2. The method of claim 1 , wherein forming the plurality of text groups includes grouping adjacent lines of text sharing a common contextual relationship, and associating a label with at least one text group of the plurality of text groups, wherein the label identifies the common contextual relationship associated with the at least one text group.
3. The method of claim 1 , wherein the image includes a screenshot captured while rendering the webpage content, the method further including saving the screenshot in memory associated with the device.
4. The method of claim 1 , further comprising receiving a request via the network, and sending the content item, via the network, in response to the request.
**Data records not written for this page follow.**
(* Write c = P / N0 and f S = log2 det (I + c H_S H_S^H). Then R_X^Y = f (X \<union> Y) - f Y, and by the
   matrix determinant lemma the marginal gain f (S \<union> {k}) - f S is log2 (1 + c h_k^H B_S^-1 h_k) with
   B_S = I + c H_S H_S^H. This quantity decreases as S grows, so f has diminishing returns. If some S*
   disjoint from Shat were decodable, its complement T would contain Shat, and for C = S* \<inter> {o, p}
   diminishing returns give R_C^T \<le> R_C^Shat < r_o + r_p when C = {o, p}, and
   R_o^T \<le> R_{o,p}^Shat - R_p^Shat < r_o when C = {o}; either way C could not be decoded. *)

theory Submission
  imports Defs
begin

section \<open>Set functions with diminishing returns\<close>

definition diminishing_returns :: "('a set \<Rightarrow> real) \<Rightarrow> bool" where
  "diminishing_returns f \<longleftrightarrow>
     (\<forall>Y Z k. finite Z \<longrightarrow> Y \<subseteq> Z \<longrightarrow> k \<notin> Z \<longrightarrow> f (insert k Z) - f Z \<le> f (insert k Y) - f Y)"

lemma diminishing_returnsD:
  assumes "diminishing_returns f" "finite Z" "Y \<subseteq> Z" "k \<notin> Z"
  shows "f (insert k Z) - f Z \<le> f (insert k Y) - f Y"
  using assms unfolding diminishing_returns_def by blast

lemma diminishing_returns_gain_antimono:
  assumes f: "diminishing_returns f" and "finite A" and Z: "finite Z" "Y \<subseteq> Z" and "A \<inter> Z = {}"
  shows "f (A \<union> Z) - f Z \<le> f (A \<union> Y) - f Y"
  using assms(2,5)
proof (induction A rule: finite_induct)
  case empty
  then show ?case by simp
next
  case (insert a A)
  have "f (insert a (A \<union> Z)) - f (A \<union> Z) \<le> f (insert a (A \<union> Y)) - f (A \<union> Y)"
    by (rule diminishing_returnsD[OF f]) (use insert Z in auto)
  moreover have "f (A \<union> Z) - f Z \<le> f (A \<union> Y) - f Y" using insert by blast
  ultimately show ?case by simp
qed

lemma diminishing_returns_single_gain:
  assumes f: "diminishing_returns f" and "finite Z" "insert v Y \<subseteq> Z" "u \<notin> Z"
  shows "f (insert u Z) - f Z \<le> f (insert u (insert v Y)) - f (insert v Y)"
proof -
  have "{u} \<inter> Z = {}" using assms(4) by blast
  from diminishing_returns_gain_antimono[OF f _ assms(2,3) this]
  show ?thesis by (simp only: insert_is_Un[symmetric] finite.emptyI finite.insertI)
qed

lemma diminishing_returns_pair_gain_less:
  assumes f: "diminishing_returns f" and Z: "finite Z" "Y \<subseteq> Z"
    and uv: "u \<noteq> v" "u \<notin> Y" "v \<notin> Y"
    and gain_u: "f (insert u Y) - f Y \<ge> r u" and gain_v: "f (insert v Y) - f Y \<ge> r v"
    and gain_uv: "f (insert u (insert v Y)) - f Y < r u + r v"
    and C: "C \<subseteq> {u, v}" "C \<noteq> {}" "C \<inter> Z = {}" "{u, v} - C \<subseteq> Z"
  shows "f (C \<union> Z) - f Z < sum r C"
proof -
  consider "C = {u, v}" | "C = {u}" | "C = {v}" using C(1,2) by blast
  then show ?thesis
  proof cases
    case 1
    have "f (C \<union> Z) - f Z \<le> f (C \<union> Y) - f Y"
      by (rule diminishing_returns_gain_antimono[OF f _ Z C(3)]) (simp add: 1)
    moreover have "C \<union> Y = insert u (insert v Y)" "sum r C = r u + r v" using 1 uv(1) by auto
    ultimately show ?thesis using gain_uv by (simp only:)
  next
    case 2
    have "insert v Y \<subseteq> Z" "u \<notin> Z" using Z(2) C(3,4) uv(1) unfolding 2 by blast+
    from diminishing_returns_single_gain[OF f Z(1) this]
    moreover have "C \<union> Z = insert u Z" "sum r C = r u" unfolding 2 by simp_all
    ultimately show ?thesis using gain_v gain_uv by (simp only:)
  next
    case 3
    have "insert u Y \<subseteq> Z" "v \<notin> Z" using Z(2) C(3,4) uv(1) unfolding 3 by blast+
    from diminishing_returns_single_gain[OF f Z(1) this]
    moreover have "insert v (insert u Y) = insert u (insert v Y)" by blast
    moreover have "C \<union> Z = insert v Z" "sum r C = r v" unfolding 3 by simp_all
    ultimately show ?thesis using gain_u gain_uv by (simp only:)
  qed
qed

section \<open>Matrix identities and Hermitian forms\<close>

lemma det_add_rank_one:
  fixes B Bi V W :: "'a :: idom mat"
  assumes B: "B \<in> carrier_mat n n" and Bi: "Bi \<in> carrier_mat n n" and inv: "Bi * B = 1\<^sub>m n"
    and V: "V \<in> carrier_mat n 1" and W: "W \<in> carrier_mat 1 n"
  shows "det (B + V * W) = det B * (1 + (W * Bi * V) $$ (0,0))"
proof -
  \<comment> \<open>Block elimination on both sides of \<open>X = [B, -V; W, 1]\<close> with unimodular factors.\<close>
  define X where "X = four_block_mat B (-V) W (1\<^sub>m 1)"
  define L where "L = four_block_mat (1\<^sub>m n) (0\<^sub>m n 1) (-(W * Bi)) (1\<^sub>m 1)"
  define R where "R = four_block_mat (1\<^sub>m n) (0\<^sub>m n 1) (-W) (1\<^sub>m 1)"
  have WBi: "W * Bi \<in> carrier_mat 1 n" using W Bi by auto
  have X: "X \<in> carrier_mat (n+1) (n+1)" unfolding X_def using B V W by auto
  have L: "L \<in> carrier_mat (n+1) (n+1)" unfolding L_def using WBi by auto
  have R: "R \<in> carrier_mat (n+1) (n+1)" unfolding R_def using W by auto
  have det_L: "det L = 1" unfolding L_def
    using det_four_block_mat_upper_right_zero[OF one_carrier_mat refl uminus_carrier_mat[OF WBi]
        one_carrier_mat] by simp
  have det_R: "det R = 1" unfolding R_def
    using det_four_block_mat_upper_right_zero[OF one_carrier_mat refl uminus_carrier_mat[OF W]
        one_carrier_mat] by simp
  have "- (W * Bi) * B = - (W * (Bi * B))"
    unfolding assoc_mult_mat[OF W Bi B, symmetric] using W Bi B by (intro uminus_mult_left_mat) auto
  then have lower_left: "- (W * Bi) * B + 1\<^sub>m 1 * W = 0\<^sub>m 1 n"
    using inv W by simp
  have lower_right: "- (W * Bi) * - V + 1\<^sub>m 1 * 1\<^sub>m 1 = W * Bi * V + 1\<^sub>m 1"
    using W Bi V by simp
  have LX: "L * X = four_block_mat B (-V) (0\<^sub>m 1 n) (W * Bi * V + 1\<^sub>m 1)"
    unfolding L_def X_def
    by (subst mult_four_block_mat[OF one_carrier_mat zero_carrier_mat uminus_carrier_mat[OF WBi]
          one_carrier_mat B uminus_carrier_mat[OF V] W one_carrier_mat])
      (use B V W WBi lower_left lower_right in auto)
  have XR: "X * R = four_block_mat (B + V * W) (-V) (0\<^sub>m 1 n) (1\<^sub>m 1)"
    unfolding R_def X_def
    by (subst mult_four_block_mat[OF B uminus_carrier_mat[OF V] W one_carrier_mat
          one_carrier_mat zero_carrier_mat uminus_carrier_mat[OF W] one_carrier_mat])
      (use B V W in auto)
  have "det B * det (W * Bi * V + 1\<^sub>m 1) = det (L * X)"
    unfolding LX by (rule det_four_block_mat_lower_left_zero[symmetric]) (use B V W Bi in auto)
  also have "\<dots> = det (X * R)" using det_mult[OF L X] det_mult[OF X R] det_L det_R by simp
  also have "\<dots> = det (B + V * W)"
    unfolding XR by (subst det_four_block_mat_lower_left_zero[of _ n _ 1]) (use B V W in auto)
  finally show ?thesis
    using det_single[of "W * Bi * V + 1\<^sub>m 1"] W Bi V by (simp add: ac_simps)
qed

lemma right_inverse_mult_apply:
  fixes B Bi :: "'a :: comm_ring_1 mat"
  assumes "B \<in> carrier_mat n n" "Bi \<in> carrier_mat n n" "B * Bi = 1\<^sub>m n" "i < n"
  shows "(\<Sum>j<n. B $$ (i,j) * (\<Sum>l<n. Bi $$ (j,l) * u l)) = u i"
proof -
  have "(\<Sum>j<n. B $$ (i,j) * (\<Sum>l<n. Bi $$ (j,l) * u l)) = (\<Sum>l<n. (\<Sum>j<n. B $$ (i,j) * Bi $$ (j,l)) * u l)"
    by (simp add: sum_distrib_left sum_distrib_right mult.assoc, rule sum.swap)
  also have "\<dots> = (\<Sum>l<n. (B * Bi) $$ (i,l) * u l)"
    using assms(1,2,4) by (intro sum.cong refl) (simp add: scalar_prod_def atLeast0LessThan)
  also have "\<dots> = (\<Sum>l<n. (if l = i then u i else 0))"
    using assms(4) by (intro sum.cong refl) (simp add: assms(3))
  also have "\<dots> = u i" using assms(4) by simp
  finally show ?thesis .
qed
5. The method of claim 1 , wherein at least one search seed includes text from a first text group and text from a second text group different from the first text group.
6. The method of claim 1 , wherein forming the plurality of text groups includes grouping adjacent text lines having respective widths that are approximately equal.
7. The method of claim 1 , wherein forming the plurality of text groups includes grouping adjacent text lines having approximately equal vertical spacing between the text lines.
8. The method of claim 1 , wherein forming the plurality of text groups includes grouping adjacent text lines having respective margins that are approximately equal.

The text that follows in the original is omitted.